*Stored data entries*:
===============
(* Let $\alpha,\beta,c\in\mathbb{C}$, $\ell(x,y)=\alpha x+\beta y$, and let $C(x,y)$ be a quadratic polynomial. For the pencil $\mathfrak E$ consisting of the conics $$\mathcal E_\lambda:\quad C(x,y)-\lambda\big(c^2-\ell^2(x,y)\big)=0,$$ the involution $I_{\mathfrak E,B_\infty}$ with $B_\infty=[-\beta:\alpha:0]$ is an affine map of $\mathbb{C}^2$.
   Context: For a nonsingular conic $\mathcal E$ and a point $B\notin\mathcal E$ of $\mathbb{C}P^2$ (possibly at infinity), $I_{\mathcal E,B}:\mathcal E\to\mathcal E$ sends $P$ to the second intersection point of $\mathcal E$ with the line $(BP)$. For a pencil $\mathfrak E=\{\mathcal E_\lambda\}$ of conics, the $B$-switch $I_{\mathfrak E,B}:\mathbb{C}^2\dashrightarrow\mathbb{C}^2$ sends a non-base point $P$ to $I_{\mathcal E_\lambda,B}(P)$, where $\mathcal E_\lambda$ is the unique conic of the pencil through $P$. *)

theory Defs
  imports "HOL-Analysis.Analysis"
begin

text \<open>Points of the complex projective plane are represented by nonzero vectors of
  complex^3 (homogeneous coordinates [X:Y:Z]); conics by symmetric 3x3 complex
  matrices M, the conic being the zero set of the quadratic form qf M.
  The affine point (x,y) of C^2 is [x:y:1].\<close>

definition vec3 :: "complex \<Rightarrow> complex \<Rightarrow> complex \<Rightarrow> complex^3" where
  "vec3 a b c = (\<chi> i. if i = 1 then a else if i = 2 then b else c)"

definition sym3 :: "complex \<Rightarrow> complex \<Rightarrow> complex \<Rightarrow> complex \<Rightarrow> complex \<Rightarrow> complex
    \<Rightarrow> complex^3^3" where
  "sym3 m11 m22 m33 m12 m13 m23 =
     (\<chi> i j. if i = 1 \<and> j = 1 then m11 else if i = 2 \<and> j = 2 then m22
            else if i = 3 \<and> j = 3 then m33
            else if (i = 1 \<and> j = 2) \<or> (i = 2 \<and> j = 1) then m12
            else if (i = 1 \<and> j = 3) \<or> (i = 3 \<and> j = 1) then m13
            else m23)"

definition qf :: "complex^3^3 \<Rightarrow> complex^3 \<Rightarrow> complex" where
  "qf M p = (\<Sum>i\<in>UNIV. \<Sum>j\<in>UNIV. M$i$j * p$i * p$j)"

definition nonsingular_conic :: "complex^3^3 \<Rightarrow> bool" where
  "nonsingular_conic M \<longleftrightarrow> det M \<noteq> 0"

definition proj_eq :: "complex^3 \<Rightarrow> complex^3 \<Rightarrow> bool" where
  "proj_eq p q \<longleftrightarrow> p \<noteq> 0 \<and> q \<noteq> 0 \<and> (\<exists>k. k \<noteq> 0 \<and> q = k *s p)"

definition on_line :: "complex^3 \<Rightarrow> complex^3 \<Rightarrow> complex^3 \<Rightarrow> bool" where
  "on_line B P q \<longleftrightarrow> q \<noteq> 0 \<and> (\<exists>s t. q = s *s B + t *s P)"

text \<open>second_int M B P Q: Q is the second intersection point of the conic M with the
  line (BP): Q is on the conic and on the line, and Q differs from P unless P is the
  only intersection point (tangency, counted with multiplicity two).\<close>
definition second_int :: "complex^3^3 \<Rightarrow> complex^3 \<Rightarrow> complex^3 \<Rightarrow> complex^3 \<Rightarrow> bool" where
  "second_int M B P Q \<longleftrightarrow> on_line B P Q \<and> qf M Q = 0 \<and>
     (\<not> proj_eq P Q \<or> (\<forall>R. on_line B P R \<and> qf M R = 0 \<longrightarrow> proj_eq P R))"

definition pencil :: "complex^3^3 \<Rightarrow> complex^3^3 \<Rightarrow> (complex^3^3) set" where
  "pencil M1 M2 = {(\<chi> i j. \<mu> * M1$i$j + \<nu> * M2$i$j) | \<mu> \<nu>. (\<mu>, \<nu>) \<noteq> (0, 0)}"

definition base_point :: "(complex^3^3) set \<Rightarrow> complex^3 \<Rightarrow> bool" where
  "base_point \<E> p \<longleftrightarrow> (\<forall>M\<in>\<E>. qf M p = 0)"

text \<open>Homogenized matrix of C(x,y) = a x^2 + b x y + d y^2 + e x + f y + g.\<close>
definition quad_matrix :: "complex \<Rightarrow> complex \<Rightarrow> complex \<Rightarrow> complex \<Rightarrow> complex \<Rightarrow> complex
    \<Rightarrow> complex^3^3" where
  "quad_matrix a b d e f g = sym3 a d g (b/2) (e/2) (f/2)"

text \<open>Homogenized matrix of c^2 - (alpha x + beta y)^2.\<close>
definition line_sq_matrix :: "complex \<Rightarrow> complex \<Rightarrow> complex \<Rightarrow> complex^3^3" where
  "line_sq_matrix \<alpha> \<beta> c = sym3 (-(\<alpha>^2)) (-(\<beta>^2)) (c^2) (-(\<alpha>*\<beta>)) 0 0"

end

theory Submission
  imports Defs
begin

text \<open>Every line through \<open>B\<^sub>\<infinity> = [-\<beta>:\<alpha>:0]\<close> has direction \<open>(-\<beta>,\<alpha>)\<close>, along
  which \<open>\<ell>\<close> is constant; hence the quadratic form of \<open>c\<^sup>2 - \<ell>\<^sup>2\<close> vanishes at \<open>B\<close> and
  its polar form with \<open>B\<close> vanishes identically. For a point \<open>P\<close> on a conic \<open>M\<close> the
  second intersection of \<open>(B P)\<close> with \<open>M\<close> is \<open>P - (polar M P B / qf M B) B\<close>, so for
  \<open>M = \<mu> C + \<nu> (c\<^sup>2 - \<ell>\<^sup>2)\<close> it is the same as for \<open>C\<close>. Since \<open>B\<close> lies at
  infinity, \<open>polar C P B\<close> is an affine function of the affine coordinates of \<open>P\<close>.\<close>

definition polar :: "complex^3^3 \<Rightarrow> complex^3 \<Rightarrow> complex^3 \<Rightarrow> complex" where
  "polar M p q = (\<Sum>i\<in>UNIV. \<Sum>j\<in>UNIV. M$i$j * (p$i * q$j + q$i * p$j))"

definition second_point :: "complex^3^3 \<Rightarrow> complex^3 \<Rightarrow> complex^3 \<Rightarrow> complex^3" where
  "second_point M B P = P - (polar M P B / qf M B) *s B"

lemma polar_commute: "polar M p q = polar M q p"
  by (simp add: polar_def add.commute)

lemma qf_add_smult:
  "qf M (s *s p + t *s q) = s\<^sup>2 * qf M p + s * t * polar M p q + t\<^sup>2 * qf M q"
  by (simp add: qf_def polar_def sum_3 power2_eq_square algebra_simps)

lemma qf_smult: "qf M (k *s p) = k\<^sup>2 * qf M p"
  using qf_add_smult[of M k p 0 p] by simp

lemma proj_eq_sym: "proj_eq p q \<Longrightarrow> proj_eq q p"
proof -
  assume "proj_eq p q"
  then obtain k where "p \<noteq> 0" "q \<noteq> 0" "k \<noteq> 0" "q = k *s p"
    unfolding proj_eq_def by blast
  then show "proj_eq q p"
    unfolding proj_eq_def by (auto intro!: exI[of _ "inverse k"])
qed

lemma proj_eq_smult: "p \<noteq> 0 \<Longrightarrow> k \<noteq> 0 \<Longrightarrow> proj_eq p (k *s p)"
  unfolding proj_eq_def by (auto simp: vec_eq_iff)

lemma proj_eq_trans: "proj_eq p q \<Longrightarrow> proj_eq q r \<Longrightarrow> proj_eq p r"
  unfolding proj_eq_def by auto

lemma on_lineE:
  assumes "on_line B P R"
  obtains s t where "R = s *s B + t *s P" "R \<noteq> 0"
  using assms unfolding on_line_def by blast

lemma qf_on_line_through_conic_point:
  assumes "qf M P = 0"
  shows "qf M (s *s B + t *s P) = s * (s * qf M B + t * polar M P B)"
  using assms by (simp add: qf_add_smult polar_commute power2_eq_square algebra_simps)

lemma second_point_eq_combination:
  "second_point M B P = (- (polar M P B / qf M B)) *s B + 1 *s P"
  by (simp add: second_point_def vec_eq_iff)

lemma second_point_nonzero:
  assumes "qf M P = 0" "qf M B \<noteq> 0" "P \<noteq> 0"
  shows "second_point M B P \<noteq> 0"
proof
  define r where "r = polar M P B / qf M B"
  assume "second_point M B P = 0"
  then have "P = r *s B"
    by (simp add: second_point_def r_def)
  then have "r = 0"
    using assms(1,2) by (simp add: qf_smult)
  with \<open>P = r *s B\<close> \<open>P \<noteq> 0\<close> show False
    by simp
qed

lemma qf_second_point:
  assumes "qf M P = 0" "qf M B \<noteq> 0"
  shows "qf M (second_point M B P) = 0"
proof -
  have "qf M (second_point M B P) =
      - (polar M P B / qf M B) * (- (polar M P B / qf M B) * qf M B + polar M P B)"
    unfolding second_point_eq_combination qf_on_line_through_conic_point[OF assms(1)] by simp
  also have "\<dots> = 0"
    using assms(2) by simp
  finally show ?thesis .
qed

lemma polar_eq_0_if_proj_eq_second_point:
  assumes "qf M P = 0" "qf M B \<noteq> 0" "proj_eq P (second_point M B P)"
  shows "polar M P B = 0"
proof (rule ccontr)
  define r where "r = polar M P B / qf M B"
  assume "polar M P B \<noteq> 0"
  then have "r \<noteq> 0"
    using assms(2) by (simp add: r_def)
  obtain k where "second_point M B P = k *s P"
    using assms(3) unfolding proj_eq_def by blast
  then have "r *s B = (1 - k) *s P"
    by (simp add: second_point_def r_def vec_eq_iff algebra_simps)
  then have "B = ((1 - k) / r) *s P"
    using \<open>r \<noteq> 0\<close> by (simp add: vec_eq_iff field_simps)
  then have "qf M B = 0"
    using assms(1) by (simp add: qf_smult)
  with assms(2) show False ..
qed

lemma second_int_second_point:
  assumes "qf M P = 0" "qf M B \<noteq> 0" "P \<noteq> 0"
  shows "second_int M B P (second_point M B P)"
  unfolding second_int_def
proof (intro conjI)
  show "on_line B P (second_point M B P)"
    using second_point_eq_combination second_point_nonzero[OF assms]
    unfolding on_line_def by blast
  show "qf M (second_point M B P) = 0"
    using qf_second_point[OF assms(1,2)] .
  have "proj_eq P R" if tangent: "proj_eq P (second_point M B P)"
    and R: "on_line B P R" "qf M R = 0" for R
  proof -
    obtain s t where st: "R = s *s B + t *s P" "R \<noteq> 0"
      using R(1) by (rule on_lineE)
    have "polar M P B = 0"
      using polar_eq_0_if_proj_eq_second_point assms(1,2) tangent by blast
    then have "s = 0"
      using R(2) assms(2) by (simp add: st qf_on_line_through_conic_point[OF assms(1)])
    with st have "R = t *s P" "t \<noteq> 0"
      by auto
    then show "proj_eq P R"
      using proj_eq_smult assms(3) by simp
  qed
  then show "\<not> proj_eq P (second_point M B P) \<or>
      (\<forall>R. on_line B P R \<and> qf M R = 0 \<longrightarrow> proj_eq P R)"
    by blast
qed

lemma second_int_imp_proj_eq_second_point:
  assumes "qf M P = 0" "qf M B \<noteq> 0" "P \<noteq> 0" and Q: "second_int M B P Q"
  shows "proj_eq Q (second_point M B P)"
proof -
  obtain s t where st: "Q = s *s B + t *s P" "Q \<noteq> 0"
    using Q unfolding second_int_def by (auto elim: on_lineE)
  have "s * (s * qf M B + t * polar M P B) = 0"
    using Q unfolding second_int_def st(1) qf_on_line_through_conic_point[OF assms(1)] by simp
  then consider "s = 0" | "s * qf M B + t * polar M P B = 0"
    by auto
  then show ?thesis
  proof cases
    case 1
    with st have "t \<noteq> 0" "Q = t *s P"
      by auto
    then have "proj_eq P Q"
      using proj_eq_smult assms(3) by simp
    moreover have "proj_eq P (second_point M B P)"
      using Q \<open>proj_eq P Q\<close> second_int_second_point[OF assms(1-3)]
      unfolding second_int_def by blast
    ultimately show ?thesis
      using proj_eq_sym proj_eq_trans by blast
  next
    case 2
    then have "s * qf M B = - t * polar M P B"
      by (simp add: eq_neg_iff_add_eq_0)
    then have "s = - t * (polar M P B / qf M B)"
      using assms(2) by (simp add: field_simps)
    then have "Q = t *s second_point M B P"
      by (simp add: st(1) second_point_def vec_eq_iff algebra_simps)
    then show ?thesis
      using st(2) proj_eq_sym proj_eq_smult by fastforce
  qed
qed

lemma qf_lincomb:
  "qf (\<chi> i j. \<mu> * M1$i$j + \<nu> * M2$i$j) p = \<mu> * qf M1 p + \<nu> * qf M2 p"
  by (simp add: qf_def sum_3 algebra_simps)

lemma polar_lincomb:
  "polar (\<chi> i j. \<mu> * M1$i$j + \<nu> * M2$i$j) p q = \<mu> * polar M1 p q + \<nu> * polar M2 p q"
  by (simp add: polar_def sum_3 algebra_simps)

lemma second_point_pencil:
  assumes "M \<in> pencil M1 M2" "qf M2 B = 0" "polar M2 P B = 0" "qf M B \<noteq> 0"
  shows "second_point M B P = second_point M1 B P"
proof -
  obtain \<mu> \<nu> where M: "M = (\<chi> i j. \<mu> * M1$i$j + \<nu> * M2$i$j)"
    using assms(1) unfolding pencil_def by blast
  have "qf M B = \<mu> * qf M1 B" "polar M P B = \<mu> * polar M1 P B"
    using assms(2,3) by (simp_all add: M qf_lincomb polar_lincomb)
  with assms(4) show ?thesis
    by (simp add: second_point_def)
qed

lemma vec3_nth [simp]: "vec3 a b c $ 1 = a" "vec3 a b c $ 2 = b" "vec3 a b c $ 3 = c"
  by (simp_all add: vec3_def)

lemma qf_line_sq_matrix_at_infinity: "qf (line_sq_matrix \<alpha> \<beta> c) (vec3 (-\<beta>) \<alpha> 0) = 0"
  by (simp add: qf_def sum_3 line_sq_matrix_def sym3_def algebra_simps power2_eq_square)

lemma polar_line_sq_matrix_at_infinity:
  "polar (line_sq_matrix \<alpha> \<beta> c) (vec3 x y z) (vec3 (-\<beta>) \<alpha> 0) = 0"
  by (simp add: polar_def sum_3 line_sq_matrix_def sym3_def algebra_simps power2_eq_square)

lemma second_point_quad_matrix_affine:
  "\<exists>a11 a12 a21 a22 b1 b2. \<forall>x y.
    second_point (quad_matrix a b d e f g) (vec3 (-\<beta>) \<alpha> 0) (vec3 x y 1) =
      vec3 (a11*x + a12*y + b1) (a21*x + a22*y + b2) 1"
proof -
  define K where "K = qf (quad_matrix a b d e f g) (vec3 (-\<beta>) \<alpha> 0)"
  define h1 h2 h0 where "h1 = b*\<alpha> - 2*a*\<beta>" and "h2 = 2*d*\<alpha> - b*\<beta>" and "h0 = f*\<alpha> - e*\<beta>"
  have polar: "polar (quad_matrix a b d e f g) (vec3 x y 1) (vec3 (-\<beta>) \<alpha> 0) =
      h1 * x + h2 * y + h0" for x y
    by (simp add: polar_def sum_3 quad_matrix_def sym3_def h1_def h2_def h0_def algebra_simps)
  show ?thesis
    by (intro exI[of _ "1 + \<beta> * h1 / K"] exI[of _ "\<beta> * h2 / K"]
        exI[of _ "- \<alpha> * h1 / K"] exI[of _ "1 - \<alpha> * h2 / K"]
        exI[of _ "\<beta> * h0 / K"] exI[of _ "- \<alpha> * h0 / K"] allI)
      (simp add: second_point_def polar K_def[symmetric] vec_eq_iff forall_3
        divide_inverse algebra_simps)
qed

theorem corollary1:
  fixes \<alpha> \<beta> c a b d e f g :: complex
  assumes "(\<alpha>, \<beta>) \<noteq> (0, 0)"
    and "(a, b, d) \<noteq> (0, 0, 0)"
  defines "\<E> \<equiv> pencil (quad_matrix a b d e f g) (line_sq_matrix \<alpha> \<beta> c)"
    and "B \<equiv> vec3 (-\<beta>) \<alpha> 0"
  shows "\<exists>a11 a12 a21 a22 b1 b2 :: complex.
    \<forall>x y :: complex. \<forall>M\<in>\<E>.
      \<not> base_point \<E> (vec3 x y 1) \<and> qf M (vec3 x y 1) = 0 \<and>
      nonsingular_conic M \<and> qf M B \<noteq> 0 \<longrightarrow>
        second_int M B (vec3 x y 1) (vec3 (a11*x + a12*y + b1) (a21*x + a22*y + b2) 1) \<and>
        (\<forall>Q. second_int M B (vec3 x y 1) Q \<longrightarrow>
              proj_eq Q (vec3 (a11*x + a12*y + b1) (a21*x + a22*y + b2) 1))"
proof -
  obtain a11 a12 a21 a22 b1 b2 where affine: "\<And>x y.
      second_point (quad_matrix a b d e f g) B (vec3 x y 1) =
        vec3 (a11*x + a12*y + b1) (a21*x + a22*y + b2) 1"
    using second_point_quad_matrix_affine unfolding B_def by metis
  have "second_int M B (vec3 x y 1) (vec3 (a11*x + a12*y + b1) (a21*x + a22*y + b2) 1) \<and>
      (\<forall>Q. second_int M B (vec3 x y 1) Q \<longrightarrow>
        proj_eq Q (vec3 (a11*x + a12*y + b1) (a21*x + a22*y + b2) 1))"
    if "M \<in> \<E>" "qf M (vec3 x y 1) = 0" "qf M B \<noteq> 0" for M x y
  proof -
    have "vec3 x y 1 \<noteq> 0"
      by (metis vec3_nth(3) zero_index zero_neq_one)
    moreover have "second_point M B (vec3 x y 1) = vec3 (a11*x + a12*y + b1) (a21*x + a22*y + b2) 1"
      using second_point_pencil[OF that(1)[unfolded \<E>_def]] that(3) affine
      by (simp add: B_def qf_line_sq_matrix_at_infinity polar_line_sq_matrix_at_infinity)
    ultimately show ?thesis
      using second_int_second_point second_int_imp_proj_eq_second_point that(2,3) by metis
  qed
  then show ?thesis
    by blast
qed

end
===============
Pick out and copy the lines of the entries that hold the string "assumes".

  assumes "on_line B P R"
  assumes "qf M P = 0"
  assumes "qf M P = 0" "qf M B \<noteq> 0" "P \<noteq> 0"
  assumes "qf M P = 0" "qf M B \<noteq> 0"
  assumes "qf M P = 0" "qf M B \<noteq> 0" "proj_eq P (second_point M B P)"
  assumes "qf M P = 0" "qf M B \<noteq> 0" "P \<noteq> 0"
  assumes "qf M P = 0" "qf M B \<noteq> 0" "P \<noteq> 0" and Q: "second_int M B P Q"
  assumes "M \<in> pencil M1 M2" "qf M2 B = 0" "polar M2 P B = 0" "qf M B \<noteq> 0"
  assumes "(\<alpha>, \<beta>) \<noteq> (0, 0)"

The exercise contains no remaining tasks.